lemma trail_targets_comparable:
  assumes e: "e1 \<in> Es" "e2 \<in> Es" "W \<in> \<Union>(entering e1)" "W \<in> \<Union>(entering e2)"
    and below: "\<And>z. (tgt e1, z) \<in> (trail W)\<^sup>+ \<Longrightarrow> lineage_set (lins z)"
  shows "(tgt e1, tgt e2) \<in> (trail W)\<^sup>* \<or> (tgt e2, tgt e1) \<in> (trail W)\<^sup>*"
proof (rule rtrancl_comparable_if_unique_predecessors)
  show "(tgt e1, leaf_of W) \<in> (trail W)\<^sup>*"
    using entering_subset_lins[OF e(1)] e(3) by (intro trail_to_leaf[OF tgt_in_V[OF e(1)]]) blast
  show "(tgt e2, leaf_of W) \<in> (trail W)\<^sup>*"
    using entering_subset_lins[OF e(2)] e(4) by (intro trail_to_leaf[OF tgt_in_V[OF e(2)]]) blast
next
  fix x y z assume xz: "(x, z) \<in> trail W" and yz: "(y, z) \<in> trail W" and "(tgt e1, z) \<in> (trail W)\<^sup>+"
  have lz: "lineage_set (lins z)" using \<open>(tgt e1, z) \<in> (trail W)\<^sup>+\<close> by (rule below)
  obtain a1 where a1: "a1 \<in> Es" "src a1 = x" "tgt a1 = z" "W \<in> \<Union>(entering a1)" using xz by (rule trailE)
  obtain a2 where a2: "a2 \<in> Es" "src a2 = y" "tgt a2 = z" "W \<in> \<Union>(entering a2)" using yz by (rule trailE)
  have "a1 = a2" by (rule unique_carrier_into[OF lz a1(1) a2(1) a1(3) a2(3) a1(4) a2(4)])
  then show "x = y" using a1 a2 by simp
qed

lemma no_trail_between_siblings:
  assumes "a \<in> Es" "b \<in> Es" "src a = src b" "W \<in> \<Union>(entering b)" "tgt a \<noteq> tgt b"
    "lineage_set (lins (tgt b))" "(tgt a, tgt b) \<in> (trail W)\<^sup>*"
  shows False
proof -
  have "(tgt a, tgt b) \<in> (trail W)\<^sup>+" using assms(5,7) by (simp add: rtrancl_eq_or_trancl)
  then have "(tgt a, src b) \<in> (trail W)\<^sup>*" by (rule trail_reaches_src[OF assms(2,4) _ assms(6)])
  then have "(tgt a, src a) \<in> edge_rel\<^sup>*" using assms(3) rtrancl_trail_edge_rel by simp
  then show False using edge_not_reaching_src[OF assms(1)] by simp
qed

lemma out_edges_carrying_same_taxon:
  assumes c: "c1 \<in> Es" "c2 \<in> Es" "src c1 = v" "src c2 = v" "W \<in> \<Union>(entering c1)" "W \<in> \<Union>(entering c2)"
    and below: "\<And>z. (v, z) \<in> edge_rel\<^sup>+ \<Longrightarrow> lineage_set (lins z)"
  shows "c1 = c2"
proof -
  have below_tgt: "lineage_set (lins z)" if "(tgt c, z) \<in> (trail W)\<^sup>*" "c \<in> Es" "src c = v" for c z
  proof (rule below)
    have "(tgt c, z) \<in> edge_rel\<^sup>*" using that(1) by (rule rtrancl_trail_edge_rel)
    then show "(v, z) \<in> edge_rel\<^sup>+" using edge_relI[OF that(2)] that(3) by (metis rtrancl_into_trancl2)
  qed
  have lins1: "lineage_set (lins (tgt c1))" by (rule below_tgt[OF rtrancl_refl c(1,3)])
  have lins2: "lineage_set (lins (tgt c2))" by (rule below_tgt[OF rtrancl_refl c(2,4)])
  show ?thesis
  proof (cases "tgt c1 = tgt c2")
    case True
    show ?thesis by (rule unique_carrier_into[OF lins1 c(1,2) refl True[symmetric] c(5,6)])
  next
    case False
    have "(tgt c1, tgt c2) \<in> (trail W)\<^sup>* \<or> (tgt c2, tgt c1) \<in> (trail W)\<^sup>*"
    proof (rule trail_targets_comparable[OF c(1,2,5,6)])
      fix z assume "(tgt c1, z) \<in> (trail W)\<^sup>+"
      then show "lineage_set (lins z)" using below_tgt[OF _ c(1,3)] by (simp add: trancl_into_rtrancl)
    qed
    moreover have src: "src c1 = src c2" using c(3,4) by simp
    ultimately show ?thesis
      using no_trail_between_siblings[OF c(1,2) src c(6) False lins2]
        no_trail_between_siblings[OF c(2,1) src[symmetric] c(5) not_sym[OF False] lins1] by blast
  qed
qed

lemma lineage_set_leaving_if_tgt:
  assumes "e \<in> Es" "lineage_set (lins (tgt e))"
  shows "lineage_set (leaving e)"
proof -
  have "lineage_set (entering e)" by (rule lineage_set_subset[OF assms(2) entering_subset_lins[OF assms(1)]])
  then show ?thesis by (rule merges_lineage_set[OF edge_merges[OF assms(1)]])
qed

text \<open>The lineages at every node are pairwise disjoint: by induction from the leaves, two
  out-edges of a node cannot carry the same taxon, as their trails would merge below it.\<close>
lemma lineage_set_lins: "v \<in> V \<Longrightarrow> lineage_set (lins v)"
proof (induction v rule: wf_induct_rule[OF wf_trancl[OF wf_converse_edge_rel]])
  case (1 v)
  have below: "lineage_set (lins z)" if "(v, z) \<in> edge_rel\<^sup>+" for z
  proof -
    have "(z, v) \<in> (edge_rel\<inverse>)\<^sup>+" using that by (simp add: trancl_converse)
    then show ?thesis using 1(1) trancl_edge_rel_in_V[OF that] by blast
  qed
  show ?case
  proof (cases "outdeg Es src v = 0")
    case True
    then show ?thesis using lins_leaf unfolding lineage_set_def by simp
  next
    case False
    have leaving: "lineage_set (leaving c)" if "c \<in> Es" "src c = v" for c
    proof -
      have "(v, tgt c) \<in> edge_rel\<^sup>+" using edge_relI[OF that(1)] that(2) by auto
      then show ?thesis by (rule lineage_set_leaving_if_tgt[OF that(1) below])
    qed
    show ?thesis unfolding lineage_set_def
    proof (intro conjI ballI impI)
      fix b assume "b \<in> lins v"
      then obtain c where "c \<in> Es" "src c = v" "b \<in> leaving c" using lins_out[OF False] by auto
      then show "b \<noteq> {}" using leaving unfolding lineage_set_def by blast
    next
      fix b1 b2 assume b: "b1 \<in> lins v" "b2 \<in> lins v" "b1 \<noteq> b2"
      obtain c1 where c1: "c1 \<in> Es" "src c1 = v" "b1 \<in> leaving c1" using lins_out[OF False] b by auto
      obtain c2 where c2: "c2 \<in> Es" "src c2 = v" "b2 \<in> leaving c2" using lins_out[OF False] b by auto
      show "b1 \<inter> b2 = {}"
      proof (rule ccontr)
        assume "b1 \<inter> b2 \<noteq> {}"
        then obtain W where W: "W \<in> b1" "W \<in> b2" by auto
        have "W \<in> \<Union>(leaving c1)" "W \<in> \<Union>(leaving c2)" using c1(3) c2(3) W by blast+
        then have "W \<in> \<Union>(entering c1)" "W \<in> \<Union>(entering c2)"
          using Union_leaving[OF c1(1)] Union_leaving[OF c2(1)] by simp_all
        then have "c1 = c2" using out_edges_carrying_same_taxon[OF c1(1) c2(1) c1(2) c2(2)] below by blast
        then have "b1 \<in> leaving c1" "b2 \<in> leaving c1" using c1(3) c2(3) by simp_all
        then have "b1 = b2" using lineage_set_unique_block[OF leaving[OF c1(1,2)]] W by blast
        then show False using b(3) by simp
      qed
    qed
  qed
qed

• [DIRECTIONS]: Give again, word for word, every line of the listing above from the one with "proof (rule rtrancl_comparable_if_unique_predecessors)" to the one with "fix x y z assume", both inclusive, and nothing beyond them.

• [OUTPUT FOR THIS EXERCISE]:
proof (rule rtrancl_comparable_if_unique_predecessors)
  show "(tgt e1, leaf_of W) \<in> (trail W)\<^sup>*"
    using entering_subset_lins[OF e(1)] e(3) by (intro trail_to_leaf[OF tgt_in_V[OF e(1)]]) blast
  show "(tgt e2, leaf_of W) \<in> (trail W)\<^sup>*"
    using entering_subset_lins[OF e(2)] e(4) by (intro trail_to_leaf[OF tgt_in_V[OF e(2)]]) blast
next
  fix x y z assume xz: "(x, z) \<in> trail W" and yz: "(y, z) \<in> trail W" and "(tgt e1, z) \<in> (trail W)\<^sup>+"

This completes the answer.